## AIM OF THE TASK
As you look over the data below, please find each line where the word "ultimately" appears, then copy it.

## GIVEN DATA
lemma fibotomic_factors_subset_prime_factors:
  assumes "n > 0"
  shows "fibotomic_factors n \<subseteq> prime_factors (map_poly of_int (fib_poly n))"
proof -
  have "map_poly of_int (fib_poly n) \<noteq> (0 :: rat poly)"
    using lead_coeff_of_int_fib_poly[OF assms, where 'a=rat] by auto
  then show ?thesis
    by (auto simp: fibotomic_factors_def in_prime_factors_iff prime_rat_poly_iff)
qed

lemma finite_fibotomic_factors: "n > 0 \<Longrightarrow> finite (fibotomic_factors n)"
  using fibotomic_factors_subset_prime_factors finite_set_mset by (rule finite_subset)

lemma fibotomic_dvd_of_int_fib_poly:
  assumes "n > 0"
  shows "fibotomic n dvd map_poly of_int (fib_poly n)"
  unfolding fibotomic_eq_Prod_factors
  using finite_fibotomic_factors[OF assms] fibotomic_factors_subset_prime_factors[OF assms]
  by (intro prod_primes_dvd) (auto simp: in_prime_factors_iff)

lemma lead_coeff_fibotomic: "lead_coeff (fibotomic n) = 1"
  by (simp add: fibotomic_eq_Prod_factors lead_coeff_prod fibotomic_factors_def)

lemma poly_fibotomic_eq_0_iff:
  fixes z :: "'a::field_char_0"
  assumes "n > 0"
  shows "poly (map_poly of_rat (fibotomic n)) z = 0 \<longleftrightarrow>
           (\<exists>p\<in>fibotomic_factors n. poly (map_poly of_rat p) z = 0)"
proof -
  have "map_poly of_rat (fibotomic n) = (\<Prod>p\<in>fibotomic_factors n. map_poly of_rat p :: 'a poly)"
    unfolding fibotomic_eq_Prod_factors by (rule map_poly_prod_hom) (simp_all add: of_rat_add of_rat_mult)
  then show ?thesis
    using finite_fibotomic_factors[OF assms] by (simp add: poly_prod)
qed

lemma coprime_if_fibotomic_root:
  assumes "0 < k" "k < n" "poly (map_poly of_rat (fibotomic n)) (fib_poly_root n k) = 0"
  shows "coprime k n"
proof (rule ccontr)
  assume "\<not> coprime k n"
  then have "gcd k n \<noteq> 1"
    using coprime_iff_gcd_eq_1 by blast
  moreover have "gcd k n \<noteq> 0"
    using assms(1) by simp
  ultimately have "gcd k n > 1"
    by linarith
  define j where "j = n div gcd k n"
  have "0 < j"
    using assms(1,2) by (simp add: j_def div_greater_zero_iff)
  have "j < n"
    using \<open>gcd k n > 1\<close> assms(1,2) by (simp add: j_def)
  have "j * k = n * (k div gcd k n)"
    by (simp add: j_def div_mult_swap mult.commute)
  then have root_j: "poly (map_poly of_int (fib_poly j)) (fib_poly_root n k) = 0"
    using assms(1,2) by (simp add: poly_fib_poly_root_eq_0_iff)
  obtain p where p: "p \<in> fibotomic_factors n" "poly (map_poly of_rat p) (fib_poly_root n k) = 0"
    using assms poly_fibotomic_eq_0_iff[of n] by auto
  have "p dvd map_poly of_int (fib_poly j)"
    using p root_j irreducible_dvd_of_common_root[of p "fib_poly_root n k"]
    by (simp add: fibotomic_factors_def map_poly_of_rat_of_int)
  moreover have "\<not> p dvd map_poly of_int (fib_poly j)"
    using p(1) \<open>0 < j\<close> \<open>j < n\<close> by (simp add: fibotomic_factors_def)
  ultimately show False
    by blast
qed

lemma fibotomic_root_if_coprime:
  assumes "0 < k" "k < n" "coprime k n"
  shows "poly (map_poly of_rat (fibotomic n)) (fib_poly_root n k) = 0"
proof -
  let ?F = "map_poly of_int (fib_poly n) :: rat poly"
  have "?F \<noteq> 0" "lead_coeff ?F = 1"
    using lead_coeff_of_int_fib_poly[where 'a=rat, of n] assms by auto
  then have "prod_mset (prime_factorization ?F) = ?F"
    by (simp add: prod_mset_prime_factorization prime_rat_poly_iff normalize_monic_poly)
  moreover have "poly (map_poly of_rat ?F) (fib_poly_root n k) = 0"
    using assms by (simp add: map_poly_of_rat_of_int poly_fib_poly_root_eq_0_iff)
  ultimately obtain p where p: "p \<in> prime_factors ?F" "poly (map_poly of_rat p) (fib_poly_root n k) = 0"
    using poly_map_poly_of_rat_prod_mset_eq_0 by metis
  have "\<not> p dvd map_poly of_int (fib_poly j)" if "1 \<le> j" "j < n" for j
  proof
    assume "p dvd map_poly of_int (fib_poly j)"
    then have "map_poly of_rat p dvd (map_poly of_int (fib_poly j) :: complex poly)"
      using map_poly_of_rat_dvd by (fastforce simp: map_poly_of_rat_of_int)
    then have "poly (map_poly of_int (fib_poly j)) (fib_poly_root n k) = 0"
      using p(2) by auto
    then have "n dvd j"
      using assms by (simp add: poly_fib_poly_root_eq_0_iff coprime_commute coprime_dvd_mult_left_iff)
    then show False
      using that by (simp add: nat_dvd_not_less)
  qed
  then have "p \<in> fibotomic_factors n"
    using p(1) by (auto simp: fibotomic_factors_def in_prime_factors_iff prime_rat_poly_iff)
  then show ?thesis
    using p(2) assms poly_fibotomic_eq_0_iff[of n "fib_poly_root n k"] by auto
qed

lemma totatives_subset_greaterThanLessThan: "n > 1 \<Longrightarrow> totatives n \<subseteq> {0<..<n}"
  using totatives_less by (auto simp: in_totatives_iff)

lemma map_poly_of_rat_fibotomic:
  assumes "n > 1"
  shows "map_poly of_rat (fibotomic n) = (\<Prod>k\<in>totatives n. [:-fib_poly_root n k, 1:] :: complex poly)"
proof -
  let ?M = "map_poly of_rat (fibotomic n) :: complex poly"
  let ?R = "fib_poly_root n ` {0<..<n}"
  have "?M dvd (map_poly of_int (fib_poly n) :: complex poly)"
    using map_poly_of_rat_dvd[OF fibotomic_dvd_of_int_fib_poly[of n]] assms
    by (simp add: map_poly_of_rat_of_int)
  also have "\<dots> = (\<Prod>r\<in>?R. [:-r, 1:])"
    using assms
    by (simp add: of_int_fib_poly_eq_prod prod.reindex[OF inj_on_fib_poly_root] del: mult_pCons_left)
  finally have "?M = (\<Prod>r\<in>{r\<in>?R. poly ?M r = 0}. [:-r, 1:])"
    by (intro monic_dvd_prod_linear_factors_eq) (simp_all add: lead_coeff_map_poly_nz lead_coeff_fibotomic)
  also have "{r\<in>?R. poly ?M r = 0} = fib_poly_root n ` {k\<in>{0<..<n}. poly ?M (fib_poly_root n k) = 0}"
    by blast
  also have "{k\<in>{0<..<n}. poly ?M (fib_poly_root n k) = 0} = totatives n"
  proof (intro equalityI subsetI)
    fix k assume "k \<in> {k\<in>{0<..<n}. poly ?M (fib_poly_root n k) = 0}"
    then show "k \<in> totatives n"
      using coprime_if_fibotomic_root[of k n] by (simp add: in_totatives_iff)
  next
    fix k assume "k \<in> totatives n"
    then show "k \<in> {k\<in>{0<..<n}. poly ?M (fib_poly_root n k) = 0}"
      using totatives_subset_greaterThanLessThan[OF assms] fibotomic_root_if_coprime[of k n]
      by (auto simp: in_totatives_iff)
  qed
  also have "(\<Prod>r\<in>fib_poly_root n ` totatives n. [:-r, 1:]) = (\<Prod>k\<in>totatives n. [:-fib_poly_root n k, 1:])"
    using inj_on_subset[OF inj_on_fib_poly_root totatives_subset_greaterThanLessThan[OF assms]]
    by (simp add: prod.reindex del: mult_pCons_left)
  finally show ?thesis .
qed

section \<open>Evaluation at w - 1/w\<close>

lemma sub_inverse_sub_cos_eq:
  fixes w :: complex
  assumes "w \<noteq> 0"
  shows "w - 1 / w - 2 * \<i> * of_real (cos a) = (w - \<i> * cis a) * (w - \<i> * cis (- a)) / w"
proof -
  have "(w - \<i> * cis a) * (w - \<i> * cis (- a)) = w * w - \<i> * w * (cis a + cis (- a)) - 1"
    by (simp add: algebra_simps cis_mult)
  also have "cis a + cis (- a) = 2 * of_real (cos a)"
    by (simp add: complex_eq_iff)
  finally show ?thesis
    using assms by (simp add: field_simps)
qed

lemma neg_square_sub_cis_double:
  "- (w ^ 2) - cis (2 * a) = - ((w - \<i> * cis a) * (w + \<i> * cis a))"
proof -
  have "cis (2 * a) = cis a * cis a"
    by (simp add: cis_mult)
  then show ?thesis
    by (simp add: algebra_simps power2_eq_square)
qed

lemma prod_totatives_reflect:
  assumes "n > 1"
  shows "(\<Prod>k\<in>totatives n. f (n - k)) = (\<Prod>k\<in>totatives n. f k)"
proof -
  have "n - k \<in> totatives n \<and> n - (n - k) = k" if "k \<in> totatives n" for k
  proof -
    have "0 < k" "k < n" "coprime k n"
      using that totatives_less[of k n] assms by (auto simp: in_totatives_iff)
    moreover from this have "gcd (n - k) n = gcd k n"
      by (simp add: gcd_diff2_nat)
    ultimately show ?thesis
      by (metis coprime_iff_gcd_eq_1 diff_diff_cancel in_totatives_iff less_imp_le_nat zero_less_diff)
  qed
  then show ?thesis
    by (intro prod.reindex_bij_witness[of _ "\<lambda>k. n - k" "\<lambda>k. n - k"]) auto
qed

lemma prod_totatives_cis_reflect:
  assumes "n > 1"
  shows "(\<Prod>k\<in>totatives n. w - \<i> * cis (- (real k * pi / real n))) =
           (\<Prod>k\<in>totatives n. w + \<i> * cis (real k * pi / real n))"
proof -
  have "w - \<i> * cis (- (real (n - k) * pi / real n)) = w + \<i> * cis (real k * pi / real n)"
    if "k \<in> totatives n" for k
  proof -
    have "- (real (n - k) * pi / real n) = real k * pi / real n - pi"
      using that assms by (simp add: in_totatives_iff field_simps)
    then show ?thesis
      by (simp add: cis_divide[symmetric])
  qed
  then have "(\<Prod>k\<in>totatives n. w - \<i> * cis (- (real (n - k) * pi / real n))) =
      (\<Prod>k\<in>totatives n. w + \<i> * cis (real k * pi / real n))"
    by (rule prod.cong[OF refl])
  moreover have "(\<Prod>k\<in>totatives n. w - \<i> * cis (- (real (n - k) * pi / real n))) =
      (\<Prod>k\<in>totatives n. w - \<i> * cis (- (real k * pi / real n)))"
    by (rule prod_totatives_reflect[OF assms])
  ultimately show ?thesis
    by argo
qed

## SOLVED EXERCISE
  ultimately have "gcd k n > 1"
  ultimately show False
  ultimately obtain p where p: "p \<in> prime_factors ?F" "poly (map_poly of_rat p) (fib_poly_root n k) = 0"
    ultimately show ?thesis
  ultimately show ?thesis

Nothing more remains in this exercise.